RSA private key generation with OpenSSL involves just one step:
openssl genrsa -out rsaprivkey.pem 1024
This command generates a PEM-encoded private key and stores it in the file rsaprivkey.pem. This example creates a 1024-bit key, which should work for nearly any purpose. The resulting private key should be kept secret and is used to sign and decrypt data.
To be able to use the key with the Java SSO sample code however, you need to take the following additional steps:
1. openssl rsa -in rsaprivkey.pem -pubout -outform DER -out rsapubkey.der 2. openssl pkcs8 -topk8 -inform PEM -outform DER -in rsaprivkey.pem -out rsaprivkey.der -nocrypt
Step 1 generates the public key in DER format. Step 2 generates the private key in pkcs8 and DER format. Once generated, you can use these keys (rsapubkey.der and rsaprivkey.der) in the Java SSO sample.
Note that the Java SSO sample code by default expects a DSA key pair, so with RSA keys, you would need to modify the sample code to accept RSA.
DSA key generation involves two steps:
1. openssl dsaparam -out dsaparam.pem 1024 2. openssl gendsa -out dsaprivkey.pem dsaparam.pem
The first step creates a DSA parameter file, dsaparam.pem, which in this case instructs OpenSSL to create a 1024-bit key in Step 2. The dsaparam.pem file is not itself a key, and can be discarded after the public and private keys are created. The second step actually creates the private key in the file dsaprivkey.pem which should be kept secret.

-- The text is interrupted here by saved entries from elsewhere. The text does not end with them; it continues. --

(* Let $A=\sum_{\ell=0}^{2k}\sum_{|\underline{i}|=\ell}a_{\underline{i}}\,\overline{D}^{i_1}\otimes\cdots\otimes\overline{D}^{i_n}\in\mathfrak{D}^k_{\underline\lambda,\mu}$ and let $X_F\in\mathcal{K}(1)$, $F\in C^\infty_{\mathbb{C}}(S^{1|1})$. Then $\mathfrak{L}^{\underline\lambda,\mu}_{X_F}(A)=\sum_{\ell=0}^{2k}\sum_{|\underline{i}|=\ell}a^X_{\underline{i}}\,\overline{D}^{i_1}\otimes\cdots\otimes\overline{D}^{i_n}$, where, with $\delta=\mu-|\underline\lambda|$, $$a^X_{\underline{i}}=\mathfrak{L}^{\delta-\frac{|\underline{i}|}{2}}_{X_F}(a_{\underline{i}})-\sum_{r=1}^{2k-|\underline{i}|}(-1)^{r(|F|+|a_{\underline{i}+r\mathbf{1}_1}|)}\Big[\left(r+i_1\atop r+2\right)_s-\tfrac12(-1)^{i_1}\left(r+i_1\atop r+1\right)_s+\lambda_1\left(r+i_1\atop r\right)_s\Big]\overline{D}^r(F')\,a_{\underline{i}+r\mathbf{1}_1}$$ $$-\sum_{t=2}^n\sum_{r=1}^{2k-|\underline{i}|}(-1)^{r(|F|+|a_{\underline{i}+r\mathbf{1}_t}|+i_1+\dots+i_{t-1})}\Big[\left(r+i_t\atop r+2\right)_s-\tfrac12(-1)^{i_t}\left(r+i_t\atop r+1\right)_s+\lambda_t\left(r+i_t\atop r\right)_s\Big]\overline{D}^r(F')\,a_{\underline{i}+r\mathbf{1}_t}.$$
   Context: The supercircle $S^{1|1}$ has function algebra $C^\infty_{\mathbb{C}}(S^{1|1})$ of elements $F=f_0(x)+\theta f_1(x)$ ($x$ even, $\theta$ odd, $\theta^2=0$); $F'=f_0'+\theta f_1'$, $|F|$ is the parity. $D=\partial_\theta+\theta\partial_x$, $\overline{D}=\partial_\theta-\theta\partial_x$, $\alpha=dx+\theta d\theta$. Contact vector fields: $X_f=-f\overline{D}^2+\frac12 D(f)\overline{D}$; they form $\mathcal{K}(1)$. $\mathfrak{F}_\lambda=\{G\alpha^\lambda\}$ with action $\mathfrak{L}^\lambda_{X_F}(G\alpha^\lambda)=(X_F(G)+\lambda F'G)\alpha^\lambda$ (the same formula $\mathfrak{L}^\lambda_{X_F}(G)=X_F(G)+\lambda F'G$ is applied to functions). On $\mathfrak{F}_{\lambda_1}\otimes\cdots\otimes\mathfrak{F}_{\lambda_n}$: $\mathfrak{L}^{\underline\lambda}_{X_F}(\Phi_1\otimes\cdots\otimes\Phi_n)=\sum_{p=1}^n(-1)^{|F|(|\Phi_1|+\dots+|\Phi_{p-1}|)}\Phi_1\otimes\cdots\otimes\mathfrak{L}^{\lambda_p}_{X_F}(\Phi_p)\otimes\cdots\otimes\Phi_n$. $\mathfrak{D}^k_{\underline\lambda,\mu}$ ($k\in\frac12\mathbb{N}$) is the space of operators $A=\sum_{|\underline{i}|\le 2k}a_{\underline{i}}\overline{D}^{i_1}\otimes\cdots\otimes\overline{D}^{i_n}$, $a_{\underline{i}}\in C^\infty_{\mathbb{C}}(S^{1|1})$, from $\mathfrak{F}_{\lambda_1}\otimes\cdots\otimes\mathfrak{F}_{\lambda_n}$ to $\mathfrak{F}_\mu$, acting by $A(f_1\alpha^{\lambda_1}\otimes\cdots\otimes f_n\alpha^{\lambda_n})=\big(\sum_{\underline{i}}a_{\underline{i}}(-1)^{\sum_{p=1}^{n-1}|f_p|\sum_{s=p+1}^n i_s}\overline{D}^{i_1}(f_1)\cdots\overline{D}^{i_n}(f_n)\big)\alpha^\mu$, where $|\underline{i}|=i_1+\dots+i_n$, and $|\underline\lambda|=\lambda_1+\dots+\lambda_n$. The action is $\mathfrak{L}^{\underline\lambda,\mu}_{X_F}(A)=\mathfrak{L}^\mu_{X_F}\circ A-(-1)^{|A||F|}A\circ\mathfrak{L}^{\underline\lambda}_{X_F}$. $\mathbf{1}_t$ is the multi-index with $1$ in position $t$, $0$ elsewhere. Super binomial: $\left(j\atop i\right)_s=\left([j/2]\atop[i/2]\right)$ if $i$ is even or $j$ is odd, and $0$ otherwise, $[x]$ being the integer part. *)

theory Defs
  imports "HOL-Analysis.Analysis" "HOL-Library.Function_Algebras"
begin
theorem theorem3:
  fixes \<Omega> :: "'a set" and \<G> :: "'a set set" and p :: "'a set \<Rightarrow> 'a pmf"
  assumes "finite \<Omega>"
    and "CPS \<Omega> \<G> p"
    and "union_closed \<G>" and "ne_inter_closed \<G>" and "\<Union>\<G> = \<Omega>"
  shows "(\<exists>p'. CPS \<Omega> (one_aug \<Omega> \<G> p) p' \<and>
               (\<forall>G\<in>\<G>. p' G = p G) \<and>
               (\<forall>K\<in>one_aug \<Omega> \<G> p. \<forall>L. L \<subseteq> K \<longrightarrow> measure_pmf.prob (p' K) L = 1 \<longrightarrow>
                    L \<in> one_aug \<Omega> \<G> p) \<and>
               one_aug \<Omega> (one_aug \<Omega> \<G> p) p' = one_aug \<Omega> \<G> p)
       \<and> (one_closed \<Omega> \<G> p \<longleftrightarrow> one_aug \<Omega> \<G> p = \<G>)"
proof -
  interpret lattice_cps \<Omega> \<G> p
    using assms by unfold_locales
  have "one_aug \<Omega> (one_aug \<Omega> \<G> p) ext_pmf = one_aug \<Omega> \<G> p"
    by (rule one_aug_eq_if_one_events_eq[OF one_events_one_aug_ext_pmf one_aug_closed])
  then show ?thesis
    using one_closed_iff
  proof (intro conjI exI[of _ ext_pmf] ballI allI impI)
    show "CPS \<Omega> (one_aug \<Omega> \<G> p) ext_pmf"
      by (rule CPS_one_aug_ext_pmf)
    show "ext_pmf G = p G" if "G \<in> \<G>" for G
      using that by (rule ext_pmf_extends)
    show "L \<in> one_aug \<Omega> \<G> p"
      if "K \<in> one_aug \<Omega> \<G> p" "L \<subseteq> K" "measure_pmf.prob (ext_pmf K) L = 1" for K L
      using that by (rule one_aug_ext_pmf_closed)
  qed
qed

end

To use the Java SSO sample code, you would need to export the key into a DER (binary) format. You can do so with the following steps:
1. openssl dsa -in dsaprivkey.pem -outform DER -pubout -out dsapubkey.der 2. openssl pkcs8 -topk8 -inform PEM -outform DER -in dsaprivkey.pem -out dsaprivkey.der -nocrypt
Step 1 extracts the public key into a DER format. Step 2 converts the private key into the pkcs8 and DER format. Once you've done this, you can use this public (dsapubkey.der) and private (dsaprivkey.der) key pair with the Java sample code.
Once you have your key pair, it's easy to create an X.509 certificate. The certificate holds the corresponding public key, along with some metadata relating to the organization that created the certificate. Follow this step to create a self-signed certificate from either an RSA or DSA private key:
openssl req -new -x509 -key dsaprivkey.pem -out dsacert.pem
After you answer a number of questions, the certificate will be created and saved as dsacert.pem. This is the file you upload to Google Apps via the Control Panel when configuring SSO.
Microsoft Visual Studio 2005 provides utilities (in the Common7\Tools\Bin directory) which can be used to generate a certificate for use with Google Apps. Follow the steps below to create the public and private key pair and certificate in .NET:
1. makecert -r -pe -n "CN=Test Certificate" -sky exchange -sv testcert.pvk testcert.cer 2. pvk2pfx -pvk testcert.pvk -spc testcert.cer -pfx testcert.pfx
By default the RSA algorithm is used in the commands above. Step 1 uses the Certificate Creation Tool (makecert.exe) to create a self signed X.509 certificate called testcert.cer and the corresponding private key. Step 2 uses the pvk2pfx Tool (pvk2pfx.exe) to create a Personal Information Exchange (PFX) file from a CER and PVK file. The PFX contains both your public and private key.
The testcert.cer file created in Step 1 can be uploaded to Google Apps using the Control Panel; and, testcert.pfx from Step 2 can be used to create an X509Certificate2 (.NET 2.0+) instance for signing the SAML response. This is demonstrated in the ASP.NET SSO sample application.
Java developers can use the keytool utility found in the standard JDK to create the public/private key pair and X.509 certificate. keytool is a key and certificate management utility that allows users to administer their own public/private key pairs and associated certificates for use in authentication schemes requiring digital signatures. keytool stores keys and certificates in a "keystore" which for the default implementation is simply a file (".keystore") in the user's home directory. Private keys are guarded with passwords.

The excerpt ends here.